The United Nations Climate Change Conference COP27 opened in Sharm el-Sheikh, Egypt with the key aim of ensuring full implementation of the Paris Agreement. As negotiations begins countries including Nigeria are devastated with impacts of climate change such as flooding, severe droughts all pointed to signs of climate emergency. The COP27 is also taking place against the backdrop of inadequate ambition to curb greenhouse gas emissions.

According to the UN’s Intergovernmental Panel on Climate Change, CO2 emissions need to be cut 45% by 2030, compared to 2010 levels to meet the central Paris Agreement goal of limiting temperature rise to 1.5 degrees Celsius by the end of this century. This is crucial to avoid the worst impacts of climate change, including more frequent and severe droughts, heatwaves and rainfall. A report published by UN Climate Change ahead of COP27 shows that whilst countries are bending the curve of global greenhouse gas emissions downward, efforts remain insufficient to limit global temperature rise to 1.5 degrees Celsius by the end of the century.

In his opening address, the UN Climate Change Executive Secretary asked governments to focus on three critical areas at COP27. The first is a transformational shift to implementation of the Paris Agreement and putting negotiations into concrete actions.

The second is cementing progress on the critical workstreams of mitigation, adaptation, finance and loss and damage, while stepping up finance notably to tackle the impacts of climate change.

The third is enhancing the delivery of the principles of transparency and accountability throughout the UN Climate Change process.

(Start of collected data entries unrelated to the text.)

lemma log_concave_integrable_bounded:
  fixes f :: "'a::euclidean_space \<Rightarrow> real"
  assumes lc: "log_concave f" and fi: "integrable lborel f" and "integral\<^sup>L lborel f \<noteq> 0"
  shows "\<exists>B. \<forall>x. f x \<le> B"
proof -
  obtain \<delta> where "0 < \<delta>" and "{x. \<delta> \<le> f x} \<notin> null_sets lborel"
    using superlevel_set_not_null[of f lborel] assms log_concave_nonneg[OF lc] by auto
  then have "\<not> negligible {x. \<delta> \<le> f x}"
    using fi by (simp add: negligible_iff_null_sets null_sets_completion_iff)
  then have "interior {x. \<delta> \<le> f x} \<noteq> {}"
    using negligible_convex_interior[OF log_concave_superlevel_convex[OF lc]] by simp
  then obtain c \<rho> where "0 < \<rho>" and ball: "ball c \<rho> \<subseteq> {x. \<delta> \<le> f x}"
    by (meson equals0I mem_interior)
  define V where "V = (\<rho>/2) ^ DIM('a) * measure lborel (ball (0::'a) 1)"
  have "0 < V" using \<open>0 < \<rho>\<close> by (simp add: V_def content_ball_pos)
  have "f z \<le> (integral\<^sup>L lborel f / V)\<^sup>2 / \<delta>" for z
  proof -
    have "sqrt (\<delta> * f z) \<le> integral\<^sup>L lborel f / V"
      using log_concave_integral_lower_bound[OF lc fi ball \<open>0 < \<delta>\<close> \<open>0 < \<rho>\<close>, of z] \<open>0 < V\<close>
      by (simp add: V_def field_simps)
    then have "\<delta> * f z \<le> (integral\<^sup>L lborel f / V)\<^sup>2"
      by (rule sqrt_le_D)
    then show ?thesis
      using \<open>0 < \<delta>\<close> by (simp add: pos_le_divide_eq mult.commute)
  qed
  then show ?thesis by blast
qed

lemma log_concave_homothety_le:
  fixes f :: "'a::euclidean_space \<Rightarrow> real"
  assumes lc: "log_concave f" and "1 < c" and "0 < f x" and "f y \<le> M"
  shows "f (x + c *\<^sub>R (y - x)) \<le> f y * (M / f x) powr (c - 1)"
proof -
  define F where "F = f (x + c *\<^sub>R (y - x))"
  have "f x powr (1 - 1/c) * F powr (1/c) \<le> f ((1 - 1/c) *\<^sub>R x + (1/c) *\<^sub>R (x + c *\<^sub>R (y - x)))"
    unfolding F_def by (rule log_concaveD[OF lc]) (use \<open>1 < c\<close> in auto)
  also have "(1 - 1/c) *\<^sub>R x + (1/c) *\<^sub>R (x + c *\<^sub>R (y - x)) = y"
    using \<open>1 < c\<close> by (simp add: algebra_simps)
  finally have ineq: "f x powr (1 - 1/c) * F powr (1/c) \<le> f y" .
  show ?thesis
  proof (cases "F = 0")
    case True
    then show ?thesis using log_concave_nonneg[OF lc, of y] by (simp add: F_def)
  next
    case False
    then have "0 < F" using log_concave_nonneg[OF lc] by (simp add: F_def order_le_neq_trans)
    have "0 < f y"
      using ineq \<open>0 < F\<close> \<open>0 < f x\<close> by (smt (verit) mult_pos_pos powr_gt_zero)
    have "f x powr (c - 1) * F = (f x powr (1 - 1/c) * F powr (1/c)) powr c"
      using \<open>0 < f x\<close> \<open>0 < F\<close> \<open>1 < c\<close> by (simp add: powr_mult powr_powr left_diff_distrib)
    also have "\<dots> \<le> f y powr c"
      using ineq \<open>1 < c\<close> by (intro powr_mono2) auto
    finally have "F \<le> f y powr c / f x powr (c - 1)"
      using \<open>0 < f x\<close> by (simp add: field_simps)
    also have "\<dots> = f y * (f y / f x) powr (c - 1)"
      using \<open>0 < f y\<close> \<open>0 < f x\<close> by (simp add: powr_divide powr_diff)
    also have "\<dots> \<le> f y * (M / f x) powr (c - 1)"
      using \<open>0 < f y\<close> \<open>0 < f x\<close> \<open>f y \<le> M\<close> \<open>1 < c\<close>
      by (intro mult_left_mono powr_mono2 divide_right_mono) auto
    finally show ?thesis by (simp add: F_def)
  qed
qed

lemma sets_borel_homothety_image:
  fixes x :: "'a::euclidean_space"
  assumes "c \<noteq> 0" and "A \<in> sets borel"
  shows "(\<lambda>y. x + c *\<^sub>R (y - x)) ` A \<in> sets borel"
proof -
  have "x + inverse c *\<^sub>R (x + c *\<^sub>R (y - x) - x) = y"
    and "x + c *\<^sub>R (x + inverse c *\<^sub>R (y - x) - x) = y" for y
    using assms by simp_all
  then have "(\<lambda>y. x + c *\<^sub>R (y - x)) ` A = (\<lambda>y. x + inverse c *\<^sub>R (y - x)) -` A"
    by (auto intro: rev_image_eqI simp del: scaleR_scaleR)
  also have "\<dots> \<in> sets borel"
    by (intro measurable_sets_borel[OF _ assms(2)] borel_measurable_continuous_onI continuous_intros)
  finally show ?thesis .
qed

lemma emeasure_density_homothety_le:
  fixes f :: "'a::euclidean_space \<Rightarrow> real"
  assumes [measurable]: "f \<in> borel_measurable borel" and nn: "\<And>x. 0 \<le> f x"
    and [measurable]: "A \<in> sets borel" and "0 < c" and "0 \<le> k"
    and bound: "\<And>y. y \<in> A \<Longrightarrow> f (x + c *\<^sub>R (y - x)) \<le> k * f y"
  shows "emeasure (density lborel f) ((\<lambda>y. x + c *\<^sub>R (y - x)) ` A)
     \<le> ennreal (c ^ DIM('a) * k) * emeasure (density lborel f) A"
proof -
  define T where "T y = x + c *\<^sub>R (y - x)" for y
  have T_affine: "T = (\<lambda>y. (x - c *\<^sub>R x) + c *\<^sub>R y)"
    by (rule ext) (simp add: T_def scaleR_diff_right)
  have "inj T" unfolding T_affine inj_def using \<open>0 < c\<close> by auto
  have [measurable]: "T ` A \<in> sets borel"
    unfolding T_def[abs_def] using \<open>0 < c\<close> by (intro sets_borel_homothety_image) auto
  have [measurable]: "T \<in> borel_measurable borel" unfolding T_affine by measurable
  have "emeasure (density lborel f) (T ` A) = (\<integral>\<^sup>+y. ennreal (f y) * indicator (T ` A) y \<partial>lborel)"
    by (subst emeasure_density) auto
  also have "\<dots> = (\<integral>\<^sup>+y. ennreal (f y) * indicator (T ` A) y
      \<partial>density (distr lborel borel T) (\<lambda>_. ennreal (c ^ DIM('a))))"
    using lborel_affine[of c "x - c *\<^sub>R x"] \<open>0 < c\<close> by (simp add: T_affine)
  also have "\<dots> = (\<integral>\<^sup>+y. ennreal (c ^ DIM('a)) * (ennreal (f (T y)) * indicator A y) \<partial>lborel)"
    using \<open>inj T\<close> by (simp add: nn_integral_density nn_integral_distr indicator_def inj_image_mem_iff)
  also have "\<dots> \<le> (\<integral>\<^sup>+y. ennreal (c ^ DIM('a) * k) * (ennreal (f y) * indicator A y) \<partial>lborel)"
  proof (intro nn_integral_mono)
    fix y
    show "ennreal (c ^ DIM('a)) * (ennreal (f (T y)) * indicator A y)
        \<le> ennreal (c ^ DIM('a) * k) * (ennreal (f y) * indicator A y)"
    proof (cases "y \<in> A")
      case True
      have "c ^ DIM('a) * f (T y) \<le> (c ^ DIM('a) * k) * f y"
        using bound[OF True] \<open>0 < c\<close> by (simp add: T_def mult.assoc)
      then have "ennreal (c ^ DIM('a) * f (T y)) \<le> ennreal ((c ^ DIM('a) * k) * f y)"
        by (rule ennreal_leI)
      then show ?thesis
        using True \<open>0 < c\<close> \<open>0 \<le> k\<close> nn by (simp add: ennreal_mult)
    qed simp
  qed
  also have "\<dots> = ennreal (c ^ DIM('a) * k) * emeasure (density lborel f) A"
    by (subst nn_integral_cmult) (auto simp: emeasure_density)
  finally show ?thesis by (simp add: T_def[abs_def])
qed

lemma enlarge_subset_homothety:
  fixes A :: "'a::euclidean_space set"
  assumes "convex A" and "cball x r \<subseteq> A" and "0 < r" and "0 < e"
  shows "enlarge A e \<subseteq> (\<lambda>y. x + (1 + e/r) *\<^sub>R (y - x)) ` A"
proof
  fix z assume "z \<in> enlarge A e"
  then obtain a b where z: "z = a + b" and "a \<in> A" and "norm b \<le> e"
    by (auto simp: enlarge_def)
  define c where "c = 1 + e/r"
  have "1 < c" using assms by (simp add: c_def)
  define w where "w = x + (r/e) *\<^sub>R b"
  have "norm ((r/e) *\<^sub>R b) \<le> r"
    using \<open>norm b \<le> e\<close> assms by (simp add: divide_le_eq mult.commute mult_left_mono)
  then have "w \<in> A" using assms(2) by (auto simp: w_def dist_norm)
  define y where "y = (1/c) *\<^sub>R a + (1 - 1/c) *\<^sub>R w"
  have "y \<in> A"
    unfolding y_def using \<open>1 < c\<close> by (intro convexD[OF assms(1) \<open>a \<in> A\<close> \<open>w \<in> A\<close>]) auto
  moreover have "x + c *\<^sub>R (y - x) = z"
  proof -
    have "c *\<^sub>R y = a + (c - 1) *\<^sub>R w"
      using \<open>1 < c\<close> by (simp add: y_def algebra_simps)
    also have "(c - 1) *\<^sub>R w = (c - 1) *\<^sub>R x + ((c - 1) * (r / e)) *\<^sub>R b"
      by (simp add: w_def scaleR_add_right)
    also have "(c - 1) * (r / e) = 1"
      using assms by (simp add: c_def)
    finally show ?thesis by (simp add: z algebra_simps)
  qed
  ultimately show "z \<in> (\<lambda>y. x + (1 + e/r) *\<^sub>R (y - x)) ` A" by (auto simp: c_def)
qed

lemma inradius_pos:
  fixes A :: "'a::euclidean_space set"
  assumes "bounded A" and "interior A \<noteq> {}"
  shows "0 < inradius A"
proof -
  from assms(2) obtain x where "x \<in> interior A" by auto
  then obtain e where "0 < e" and "ball x e \<subseteq> A" by (meson mem_interior)
  have "cball x (e/2) \<subseteq> ball x e"
    using \<open>0 < e\<close> by (simp add: cball_subset_ball_iff)
  with \<open>ball x e \<subseteq> A\<close> have ball_in: "cball x (e/2) \<subseteq> A" by (rule subset_trans[rotated])
  obtain R c where R: "A \<subseteq> cball c R"
    using bounded_subset_cball[THEN iffD1, OF assms(1)] by blast
  have "bdd_above {r. 0 < r \<and> (\<exists>x\<in>A. cball x r \<subseteq> A)}"
  proof (rule bdd_aboveI)
    fix r assume "r \<in> {r. 0 < r \<and> (\<exists>x\<in>A. cball x r \<subseteq> A)}"
    then obtain y where "0 < r" "cball y r \<subseteq> cball c R" using R by blast
    then show "r \<le> R"
      unfolding cball_subset_cball_iff using zero_le_dist[of y c] by linarith
  qed
  moreover have "x \<in> A" using ball_in \<open>0 < e\<close> by auto
  ultimately have "e/2 \<le> inradius A"
    unfolding inradius_def using \<open>0 < e\<close> ball_in by (intro cSup_upper) auto
  with \<open>0 < e\<close> show ?thesis by linarith
qed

Sameh Shoukry, Egyptian Minister of Foreign Affairs and COP27 President said: “We’re gathering this year at a time when global climate action is at a watershed moment. Multilateralism is being challenged by geopolitics, spiraling prices, and growing financial crises, while several countries battered by the pandemic have barely recovered, and severe and depleting climate change-induced disasters are becoming more frequent.

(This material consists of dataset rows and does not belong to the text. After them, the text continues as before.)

lemma AutK_M_cM:
  assumes \<theta>: "\<theta> \<in> carrier (AutK M (generate M {cM}))"
  obtains kc where "\<theta> cM = (0, kc)" "0 < kc" "kc < p"
proof -
  have auto: "\<theta> \<in> auto M" and K: "\<theta> ` generate M {cM} = generate M {cM}"
    using \<theta> by (simp_all add: AutK_carrier)
  have "\<theta> cM \<in> generate M {cM}"
    using K by (blast intro: generate.incl)
  then obtain kc where kc: "\<theta> cM = (0, kc)" "kc < p"
    by (auto simp: generate_M_cM)
  have "kc \<noteq> 0"
  proof
    assume "kc = 0"
    moreover have "\<theta> \<one>\<^bsub>M\<^esub> = \<one>\<^bsub>M\<^esub>"
      using auto group_M by (simp add: auto_def hom_one)
    ultimately have "\<theta> cM = \<theta> \<one>\<^bsub>M\<^esub>" using kc by (simp add: M_one)
    then have "cM = \<one>\<^bsub>M\<^esub>"
      using auto generators_in_M group.is_monoid[OF group_M]
      by (auto simp: auto_def Bij_def bij_betw_def dest: inj_onD)
    then show False by (simp add: cM_def M_one)
  qed
  with kc that show thesis by simp
qed

(* Reducing the R-coordinate modulo \<epsilon> is a homomorphism M \<rightarrow> Z_p that kills b and c.  If it
   also killed \<theta> d, it would kill the whole image of \<theta>, which is M. *)
lemma auto_M_dM_unit:
  assumes \<theta>: "\<theta> \<in> auto M" and c: "\<theta> cM = (0, kc)" and d: "\<theta> dM = (v, k1)" and b: "\<theta> bM = (w, k2)"
    and w: "w \<doteq> rmult (rpow u kc - (1, 0)) v"
  shows "runit v"
proof (rule ccontr)
  assume "\<not> runit v"
  then have Pv: "P dvd fst v" by (simp add: runit_def)
  obtain q q' where "fst w = fst (rmult (rpow u kc - (1, 0)) v) + P^2 * q"
    using w by (rule rcongE)
  then have Pw: "P dvd fst w"
    using Pv by (simp add: rmult_def power2_eq_square)
  let ?\<pi> = "\<lambda>z. fst (fst z) mod P"
  have "\<theta> \<in> hom M M" using \<theta> by (simp add: auto_def)
  then have "?\<pi> \<circ> \<theta> \<in> hom M (integer_mod_group p)"
    using fst_mod_hom by (rule hom_compose)
  moreover have "(\<lambda>_. 0) \<in> hom M (integer_mod_group p)"
    using p_pos by (intro homI) (simp_all add: carrier_integer_mod_group)
  ultimately have hom: "?\<pi> \<circ> \<theta> \<in> hom M (integer_mod_group p)" "(\<lambda>_. 0) \<in> hom M (integer_mod_group p)" .
  have "(?\<pi> \<circ> \<theta>) y = (\<lambda>_. 0) y" if "y \<in> {dM, bM, cM}" for y
    using that Pv Pw c d b by (auto simp: dvd_eq_mod_eq_0)
  then have vanish: "(?\<pi> \<circ> \<theta>) x = (\<lambda>_. 0) x" if "x \<in> carrier M" for x
    using hom_eq_on_generate[OF group_M group_integer_mod_group hom, of "{dM, bM, cM}"]
      that generators_in_M generate_M_dbc by simp
  have "\<theta> ` carrier M = carrier M"
    using \<theta> by (simp add: auto_def Bij_def bij_betw_def)
  then obtain z where "z \<in> carrier M" "\<theta> z = dM"
    using generators_in_M(4) by (metis imageE)
  then have "fst (fst dM) mod P = 0" using vanish[of z] by simp
  then show False
    using P_lt_P_square by (simp add: dM_def)
qed

lemma AutK_M_generators:
  assumes \<theta>: "\<theta> \<in> carrier (AutK M (generate M {cM}))"
  obtains s v w where "runit v" "\<theta> dM = (v, 0)" "\<theta> bM = (w, 0)" "\<theta> cM = (0, conj_exp s 1)"
    and "w \<doteq> rmult v (rconj s (P * half, 1))"
proof -
  have auto: "\<theta> \<in> auto M" using \<theta> by (simp add: AutK_carrier)
  then have hom: "\<theta> \<in> hom M M" by (simp add: auto_def)
  obtain kc where c: "\<theta> cM = (0, kc)" "0 < kc" "kc < p"
    using AutK_M_cM[OF \<theta>] by blast
  obtain v k1 where d: "\<theta> dM = (v, k1)" by (cases "\<theta> dM")
  obtain w k2 where b: "\<theta> bM = (w, k2)" by (cases "\<theta> bM")
  note rel = auto_M_relations[OF hom c(1) d b]
  have "\<theta> dM \<in> carrier M" using hom generators_in_M by (simp add: hom_in_carrier)
  then have "k1 < p" by (simp add: d M_carrier)
  have vw: "rmult (rpow u kc) v \<doteq> v + w"
    using rel(2) add_rcong[OF rcong_refl rel(3)] by (rule rcong_trans)
  have "rmult (rpow u kc - (1, 0)) v = rmult (rpow u kc) v + - v"
    by (simp add: rmult_diff)
  also have "\<dots> \<doteq> (v + w) + - v"
    by (rule add_rcong[OF vw rcong_refl])
  also have "\<dots> = w" by simp
  finally have w: "w \<doteq> rmult (rpow u kc - (1, 0)) v" by (rule rcong_sym)
  have unit: "runit v" by (rule auto_M_dM_unit[OF auto c(1) d b w])
  then have nPv: "\<not> P dvd fst v" by (simp add: runit_def)
  have "\<not> P dvd int kc" using c(2,3) P_dvd_small by force
  moreover have "P dvd int k1 * int kc * fst v" by (rule rpow_u_annihilator[OF w rel(3)])
  ultimately have "P dvd int k1" using nPv prime_P by (simp add: prime_dvd_mult_iff)
  then have k1: "k1 = 0" using \<open>k1 < p\<close> P_dvd_small by force
  have "P dvd (int kc * int kc - 1) * fst v"
    by (rule rpow_u_square_relation[OF w rel(4)[OF k1]])
  then have "[int kc * int kc = 1] (mod P)"
    using nPv prime_P by (simp add: prime_dvd_mult_iff cong_iff_dvd_diff)
  then have "[kc * kc = 1] (mod p)" by (metis cong_int_iff of_nat_1 of_nat_mult)
  then have "kc = 1 \<or> kc = p - 1" using prime_square_eq_one prime_p c(2,3) by blast
  moreover have "conj_exp False 1 = 1" "conj_exp True 1 = p - 1"
    using p_pos by (simp_all add: conj_exp_def)
  ultimately obtain s where s: "kc = conj_exp s 1" by metis
  have "rmult (rpow u kc - (1, 0)) v \<doteq> rmult (rconj s (P * half, 1)) v"
    unfolding s by (rule rmult_rcong[OF rpow_u_conj_exp_one rcong_refl])
  with w have "w \<doteq> rmult (rconj s (P * half, 1)) v" by (rule rcong_trans)
  then show thesis
    using that unit d b c(1) k1 rel(1) s by (simp add: rmult_comm)
qed

lemma AutK_M_twist:
  assumes \<theta>: "\<theta> \<in> carrier (AutK M (generate M {cM}))"
  obtains s v where "runit v" "\<theta> = twist s v"
proof -
  obtain s v w where unit: "runit v" and gens: "\<theta> dM = (v, 0)" "\<theta> bM = (w, 0)" "\<theta> cM = (0, conj_exp s 1)"
    and w: "w \<doteq> rmult v (rconj s (P * half, 1))"
    using AutK_M_generators[OF \<theta>] by blast
  have hom: "\<theta> \<in> hom M M" "\<theta> \<in> extensional (carrier M)"
    using \<theta> by (auto simp: AutK_carrier auto_def Bij_def)
  have "\<theta> dM \<in> carrier M" "\<theta> bM \<in> carrier M"
    using hom(1) generators_in_M by (simp_all add: hom_in_carrier)
  then have v: "rnorm v = v" and "rnorm w = w"
    using gens by (simp_all add: M_carrier)
  then have "\<theta> bM = twist s v bM"
    using gens(2) w by (simp add: twist_generators rcong_def)
  moreover have "\<theta> dM = twist s v dM" "\<theta> cM = twist s v cM"
    using gens v by (simp_all add: twist_generators)
  ultimately have agree: "\<theta> x = twist s v x" if "x \<in> {dM, bM, cM}" for x
    using that by blast
  have "\<theta> x = twist s v x" if "x \<in> carrier M" for x
    using hom_eq_on_generate[where S = "{dM, bM, cM}", OF group_M group_M hom(1) twist_hom _ agree]
      that generators_in_M generate_M_dbc
    by simp
  then have "\<theta> = twist s v"
    using hom(2) by (intro extensionalityI[of _ "carrier M"]) (auto simp: twist_def)
  with unit that show thesis by blast
qed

COP27 creates a unique opportunity in 2022 for the world to unite, to make multilateralism work by restoring trust and coming together at the highest levels to increase our ambition and action in fighting climate change. COP27 must be remembered as the ‘Implementation COP’ – the one where we restore the grand bargain that is at the centre of the Paris Agreement.”

Following a procedural opening on Sunday, 6 November, to enable work to begin quickly, Monday and Tuesday was the World Leaders Summit with the presence of more than 100 Heads of State or Government.

The World Leaders Summit provides all Heads of State or Government with the opportunity to set the stage for COP27. The two days included the Sharm el-Sheikh Climate Implementation Summit and also feature important High-Level Side Events.

The COP27 will host a series of events in thematic which will highlight practical solutions to the challenge of climate change and explore approaches to immediately scale up the implementation of these solutions in key sectors with all stakeholders.

The Nigeria’s delegation is headed by the Honourable Minister, Federal Ministry of Environment, Barr. Mohammed Hassan Abdullahi.